Assignment: Take the records below and retype them line by line, from the first line through the one containing "(* Assume the"; stop there.

(Collected data)
[Start of Attachment]

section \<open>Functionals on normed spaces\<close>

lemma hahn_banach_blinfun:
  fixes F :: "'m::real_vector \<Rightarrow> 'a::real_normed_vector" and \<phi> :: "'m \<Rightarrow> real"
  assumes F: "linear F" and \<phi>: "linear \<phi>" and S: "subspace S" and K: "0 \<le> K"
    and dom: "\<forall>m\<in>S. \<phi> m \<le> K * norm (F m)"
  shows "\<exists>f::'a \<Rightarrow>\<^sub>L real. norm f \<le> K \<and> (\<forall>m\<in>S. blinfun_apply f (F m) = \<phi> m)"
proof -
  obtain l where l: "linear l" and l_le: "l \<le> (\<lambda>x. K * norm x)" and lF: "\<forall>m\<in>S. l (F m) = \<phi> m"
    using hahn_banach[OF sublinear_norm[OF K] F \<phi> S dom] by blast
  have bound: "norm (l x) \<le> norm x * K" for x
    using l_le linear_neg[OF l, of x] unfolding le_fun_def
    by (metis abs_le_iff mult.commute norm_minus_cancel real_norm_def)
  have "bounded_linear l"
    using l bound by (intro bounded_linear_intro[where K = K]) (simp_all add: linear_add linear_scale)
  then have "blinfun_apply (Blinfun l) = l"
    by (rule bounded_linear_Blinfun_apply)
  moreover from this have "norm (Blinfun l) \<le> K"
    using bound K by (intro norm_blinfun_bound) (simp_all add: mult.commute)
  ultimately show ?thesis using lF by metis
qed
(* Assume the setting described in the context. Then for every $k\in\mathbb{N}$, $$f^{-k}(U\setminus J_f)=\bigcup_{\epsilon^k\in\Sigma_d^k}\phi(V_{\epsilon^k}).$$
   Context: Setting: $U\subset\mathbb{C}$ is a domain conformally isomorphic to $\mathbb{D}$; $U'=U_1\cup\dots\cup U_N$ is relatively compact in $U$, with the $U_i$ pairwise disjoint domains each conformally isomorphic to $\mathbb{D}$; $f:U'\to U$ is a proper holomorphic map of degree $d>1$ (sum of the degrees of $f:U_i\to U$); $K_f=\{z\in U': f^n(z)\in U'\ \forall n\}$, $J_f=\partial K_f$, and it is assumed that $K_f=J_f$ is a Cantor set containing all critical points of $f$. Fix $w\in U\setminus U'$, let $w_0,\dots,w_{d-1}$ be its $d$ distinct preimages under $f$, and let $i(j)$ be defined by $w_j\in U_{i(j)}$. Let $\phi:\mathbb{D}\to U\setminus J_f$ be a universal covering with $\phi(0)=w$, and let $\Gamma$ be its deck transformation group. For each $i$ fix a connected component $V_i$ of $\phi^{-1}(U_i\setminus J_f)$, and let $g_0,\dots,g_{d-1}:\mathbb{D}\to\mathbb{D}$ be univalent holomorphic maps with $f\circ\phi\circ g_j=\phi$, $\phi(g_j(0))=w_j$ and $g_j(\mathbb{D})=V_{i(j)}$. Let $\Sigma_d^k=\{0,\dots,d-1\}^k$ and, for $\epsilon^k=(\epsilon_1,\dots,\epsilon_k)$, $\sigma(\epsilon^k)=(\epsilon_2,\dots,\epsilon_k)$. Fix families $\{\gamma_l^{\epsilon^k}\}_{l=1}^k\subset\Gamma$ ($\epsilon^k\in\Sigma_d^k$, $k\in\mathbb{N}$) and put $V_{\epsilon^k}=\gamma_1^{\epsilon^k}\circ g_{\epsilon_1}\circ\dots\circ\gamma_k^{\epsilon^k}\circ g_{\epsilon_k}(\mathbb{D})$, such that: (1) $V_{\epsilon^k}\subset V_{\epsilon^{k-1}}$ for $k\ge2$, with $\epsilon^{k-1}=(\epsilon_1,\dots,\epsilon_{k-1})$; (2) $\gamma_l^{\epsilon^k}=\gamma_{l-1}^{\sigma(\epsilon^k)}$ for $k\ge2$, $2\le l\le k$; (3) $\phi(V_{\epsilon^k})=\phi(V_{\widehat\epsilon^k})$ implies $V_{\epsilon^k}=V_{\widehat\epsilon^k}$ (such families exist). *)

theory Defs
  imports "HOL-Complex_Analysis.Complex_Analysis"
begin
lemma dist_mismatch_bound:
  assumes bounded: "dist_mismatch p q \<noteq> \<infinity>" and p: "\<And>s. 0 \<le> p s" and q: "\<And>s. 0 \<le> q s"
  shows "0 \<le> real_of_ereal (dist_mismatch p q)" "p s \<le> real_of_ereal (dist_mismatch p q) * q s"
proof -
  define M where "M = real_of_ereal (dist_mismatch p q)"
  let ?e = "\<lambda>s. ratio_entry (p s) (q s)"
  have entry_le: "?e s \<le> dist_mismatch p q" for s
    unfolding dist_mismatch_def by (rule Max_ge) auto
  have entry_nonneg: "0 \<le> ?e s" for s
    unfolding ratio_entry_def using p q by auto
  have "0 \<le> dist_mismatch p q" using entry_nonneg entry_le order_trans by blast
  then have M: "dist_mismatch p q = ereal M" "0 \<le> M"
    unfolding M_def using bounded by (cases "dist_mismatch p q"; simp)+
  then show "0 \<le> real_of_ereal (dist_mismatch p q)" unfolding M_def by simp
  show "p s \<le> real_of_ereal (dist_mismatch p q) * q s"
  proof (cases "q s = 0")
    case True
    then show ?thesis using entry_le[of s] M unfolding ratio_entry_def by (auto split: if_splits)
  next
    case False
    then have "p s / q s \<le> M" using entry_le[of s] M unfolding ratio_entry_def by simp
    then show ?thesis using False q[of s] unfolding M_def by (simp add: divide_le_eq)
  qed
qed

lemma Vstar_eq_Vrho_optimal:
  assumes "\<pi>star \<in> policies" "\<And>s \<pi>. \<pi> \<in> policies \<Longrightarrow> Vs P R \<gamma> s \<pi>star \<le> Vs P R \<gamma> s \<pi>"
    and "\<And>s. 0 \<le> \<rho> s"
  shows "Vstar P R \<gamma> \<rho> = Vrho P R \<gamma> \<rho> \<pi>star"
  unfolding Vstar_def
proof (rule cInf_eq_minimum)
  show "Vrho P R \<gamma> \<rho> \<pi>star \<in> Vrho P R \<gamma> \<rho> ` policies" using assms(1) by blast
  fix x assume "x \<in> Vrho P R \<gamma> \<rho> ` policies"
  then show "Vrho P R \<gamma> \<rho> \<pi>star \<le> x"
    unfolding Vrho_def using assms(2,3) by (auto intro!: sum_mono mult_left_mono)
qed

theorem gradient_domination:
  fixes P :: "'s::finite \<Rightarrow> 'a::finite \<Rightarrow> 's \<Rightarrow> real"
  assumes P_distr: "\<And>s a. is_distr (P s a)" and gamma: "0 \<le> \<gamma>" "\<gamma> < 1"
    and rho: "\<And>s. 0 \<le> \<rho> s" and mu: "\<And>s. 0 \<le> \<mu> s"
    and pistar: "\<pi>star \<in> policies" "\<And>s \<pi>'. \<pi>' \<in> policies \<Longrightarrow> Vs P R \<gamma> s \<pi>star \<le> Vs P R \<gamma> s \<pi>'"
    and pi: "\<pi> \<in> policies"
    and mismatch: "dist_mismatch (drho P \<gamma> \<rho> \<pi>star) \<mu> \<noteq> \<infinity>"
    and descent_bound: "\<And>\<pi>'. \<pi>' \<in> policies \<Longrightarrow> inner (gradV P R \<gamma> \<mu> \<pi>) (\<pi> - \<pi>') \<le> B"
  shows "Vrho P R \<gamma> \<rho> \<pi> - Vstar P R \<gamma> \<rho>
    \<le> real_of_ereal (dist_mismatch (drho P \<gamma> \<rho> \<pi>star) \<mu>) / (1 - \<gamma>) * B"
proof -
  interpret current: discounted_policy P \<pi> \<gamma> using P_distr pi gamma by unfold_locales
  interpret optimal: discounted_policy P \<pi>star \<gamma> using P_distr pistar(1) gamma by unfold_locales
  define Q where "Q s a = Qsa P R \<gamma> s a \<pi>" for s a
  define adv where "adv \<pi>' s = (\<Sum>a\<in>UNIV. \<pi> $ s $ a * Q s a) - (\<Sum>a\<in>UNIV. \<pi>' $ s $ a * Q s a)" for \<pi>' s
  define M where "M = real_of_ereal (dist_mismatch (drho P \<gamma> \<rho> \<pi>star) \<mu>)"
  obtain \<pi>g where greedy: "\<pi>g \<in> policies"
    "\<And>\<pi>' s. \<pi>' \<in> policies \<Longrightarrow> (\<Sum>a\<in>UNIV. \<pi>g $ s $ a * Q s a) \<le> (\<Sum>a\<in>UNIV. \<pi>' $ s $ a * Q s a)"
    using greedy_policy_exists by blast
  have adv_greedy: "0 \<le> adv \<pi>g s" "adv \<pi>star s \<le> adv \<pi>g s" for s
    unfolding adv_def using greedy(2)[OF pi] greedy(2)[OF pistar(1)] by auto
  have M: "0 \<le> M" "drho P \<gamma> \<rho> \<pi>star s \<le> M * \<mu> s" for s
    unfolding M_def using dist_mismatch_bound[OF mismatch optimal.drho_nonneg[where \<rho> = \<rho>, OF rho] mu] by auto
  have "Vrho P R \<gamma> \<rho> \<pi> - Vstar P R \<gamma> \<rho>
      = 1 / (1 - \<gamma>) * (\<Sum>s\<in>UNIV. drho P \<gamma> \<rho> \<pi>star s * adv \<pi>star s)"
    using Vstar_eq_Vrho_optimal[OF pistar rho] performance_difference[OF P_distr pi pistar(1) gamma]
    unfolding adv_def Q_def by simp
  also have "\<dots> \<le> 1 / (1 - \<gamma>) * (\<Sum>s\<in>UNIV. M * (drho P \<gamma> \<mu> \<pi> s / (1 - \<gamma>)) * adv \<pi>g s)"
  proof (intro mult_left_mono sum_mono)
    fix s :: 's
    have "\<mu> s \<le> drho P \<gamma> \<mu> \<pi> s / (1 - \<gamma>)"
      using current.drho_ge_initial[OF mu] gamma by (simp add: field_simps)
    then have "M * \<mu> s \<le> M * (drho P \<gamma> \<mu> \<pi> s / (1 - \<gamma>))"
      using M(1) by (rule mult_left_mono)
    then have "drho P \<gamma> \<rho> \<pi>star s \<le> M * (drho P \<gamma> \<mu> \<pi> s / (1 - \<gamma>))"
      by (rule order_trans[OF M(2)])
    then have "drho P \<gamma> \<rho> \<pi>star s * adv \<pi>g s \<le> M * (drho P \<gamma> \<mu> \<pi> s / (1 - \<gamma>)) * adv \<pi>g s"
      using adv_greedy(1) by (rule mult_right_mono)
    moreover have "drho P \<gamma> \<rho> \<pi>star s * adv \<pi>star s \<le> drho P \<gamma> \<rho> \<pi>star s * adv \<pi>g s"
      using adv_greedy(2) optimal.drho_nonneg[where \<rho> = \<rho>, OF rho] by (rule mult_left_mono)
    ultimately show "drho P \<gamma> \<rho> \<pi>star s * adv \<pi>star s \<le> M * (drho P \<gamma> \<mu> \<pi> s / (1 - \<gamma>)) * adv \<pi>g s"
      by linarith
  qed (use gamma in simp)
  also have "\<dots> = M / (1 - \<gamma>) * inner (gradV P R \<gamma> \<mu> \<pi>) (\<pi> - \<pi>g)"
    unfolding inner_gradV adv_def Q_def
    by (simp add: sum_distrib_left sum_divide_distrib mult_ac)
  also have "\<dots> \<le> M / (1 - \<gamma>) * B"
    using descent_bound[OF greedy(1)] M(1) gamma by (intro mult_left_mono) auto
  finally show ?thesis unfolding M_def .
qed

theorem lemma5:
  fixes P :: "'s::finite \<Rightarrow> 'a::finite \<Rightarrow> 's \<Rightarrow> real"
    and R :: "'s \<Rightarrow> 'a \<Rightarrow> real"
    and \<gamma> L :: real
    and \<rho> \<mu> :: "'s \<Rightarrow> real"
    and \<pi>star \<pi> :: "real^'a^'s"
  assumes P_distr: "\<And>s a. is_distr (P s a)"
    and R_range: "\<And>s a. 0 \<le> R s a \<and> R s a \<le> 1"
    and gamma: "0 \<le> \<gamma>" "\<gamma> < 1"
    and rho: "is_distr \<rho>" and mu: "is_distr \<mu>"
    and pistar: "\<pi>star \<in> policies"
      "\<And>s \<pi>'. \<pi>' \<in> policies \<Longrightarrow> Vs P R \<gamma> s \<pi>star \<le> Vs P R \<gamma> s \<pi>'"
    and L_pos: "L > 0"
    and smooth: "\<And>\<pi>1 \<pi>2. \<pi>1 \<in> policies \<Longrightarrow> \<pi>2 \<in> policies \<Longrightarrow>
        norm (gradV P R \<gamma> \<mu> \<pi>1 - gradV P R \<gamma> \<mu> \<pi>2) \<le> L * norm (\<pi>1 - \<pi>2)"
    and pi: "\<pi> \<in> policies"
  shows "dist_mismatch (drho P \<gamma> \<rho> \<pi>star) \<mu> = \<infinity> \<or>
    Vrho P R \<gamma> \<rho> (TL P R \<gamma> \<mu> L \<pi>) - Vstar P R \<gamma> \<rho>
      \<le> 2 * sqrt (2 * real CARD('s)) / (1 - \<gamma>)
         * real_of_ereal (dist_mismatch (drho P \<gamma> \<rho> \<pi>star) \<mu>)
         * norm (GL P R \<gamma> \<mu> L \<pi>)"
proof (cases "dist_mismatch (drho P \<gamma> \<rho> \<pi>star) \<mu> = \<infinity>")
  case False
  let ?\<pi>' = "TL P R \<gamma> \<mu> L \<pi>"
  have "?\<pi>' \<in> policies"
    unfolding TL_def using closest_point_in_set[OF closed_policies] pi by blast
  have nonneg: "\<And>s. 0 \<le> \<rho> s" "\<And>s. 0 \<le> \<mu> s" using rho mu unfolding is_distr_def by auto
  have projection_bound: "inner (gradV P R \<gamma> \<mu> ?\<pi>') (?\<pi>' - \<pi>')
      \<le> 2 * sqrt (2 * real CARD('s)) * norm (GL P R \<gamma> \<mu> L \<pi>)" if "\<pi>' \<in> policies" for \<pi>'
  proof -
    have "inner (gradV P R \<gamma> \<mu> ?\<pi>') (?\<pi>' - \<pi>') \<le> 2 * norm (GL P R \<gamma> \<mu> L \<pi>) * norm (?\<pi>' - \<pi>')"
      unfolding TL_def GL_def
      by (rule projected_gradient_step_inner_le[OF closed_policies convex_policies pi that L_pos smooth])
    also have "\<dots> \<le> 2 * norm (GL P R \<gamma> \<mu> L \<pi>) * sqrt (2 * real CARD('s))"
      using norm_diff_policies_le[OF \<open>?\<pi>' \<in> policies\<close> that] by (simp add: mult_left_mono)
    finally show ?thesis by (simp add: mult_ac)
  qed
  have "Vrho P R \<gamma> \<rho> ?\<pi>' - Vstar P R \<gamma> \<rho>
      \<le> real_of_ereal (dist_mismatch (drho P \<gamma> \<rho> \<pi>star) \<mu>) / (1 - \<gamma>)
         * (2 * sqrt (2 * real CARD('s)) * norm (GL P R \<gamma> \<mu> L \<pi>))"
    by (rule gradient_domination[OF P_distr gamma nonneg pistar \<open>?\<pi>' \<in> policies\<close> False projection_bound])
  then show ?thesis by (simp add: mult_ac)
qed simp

[End of Attachment]

Worked solution:
section \<open>Functionals on normed spaces\<close>

lemma hahn_banach_blinfun:
  fixes F :: "'m::real_vector \<Rightarrow> 'a::real_normed_vector" and \<phi> :: "'m \<Rightarrow> real"
  assumes F: "linear F" and \<phi>: "linear \<phi>" and S: "subspace S" and K: "0 \<le> K"
    and dom: "\<forall>m\<in>S. \<phi> m \<le> K * norm (F m)"
  shows "\<exists>f::'a \<Rightarrow>\<^sub>L real. norm f \<le> K \<and> (\<forall>m\<in>S. blinfun_apply f (F m) = \<phi> m)"
proof -
  obtain l where l: "linear l" and l_le: "l \<le> (\<lambda>x. K * norm x)" and lF: "\<forall>m\<in>S. l (F m) = \<phi> m"
    using hahn_banach[OF sublinear_norm[OF K] F \<phi> S dom] by blast
  have bound: "norm (l x) \<le> norm x * K" for x
    using l_le linear_neg[OF l, of x] unfolding le_fun_def
    by (metis abs_le_iff mult.commute norm_minus_cancel real_norm_def)
  have "bounded_linear l"
    using l bound by (intro bounded_linear_intro[where K = K]) (simp_all add: linear_add linear_scale)
  then have "blinfun_apply (Blinfun l) = l"
    by (rule bounded_linear_Blinfun_apply)
  moreover from this have "norm (Blinfun l) \<le> K"
    using bound K by (intro norm_blinfun_bound) (simp_all add: mult.commute)
  ultimately show ?thesis using lF by metis
qed
(* Assume the setting described in the context. Then for every $k\in\mathbb{N}$, $$f^{-k}(U\setminus J_f)=\bigcup_{\epsilon^k\in\Sigma_d^k}\phi(V_{\epsilon^k}).$$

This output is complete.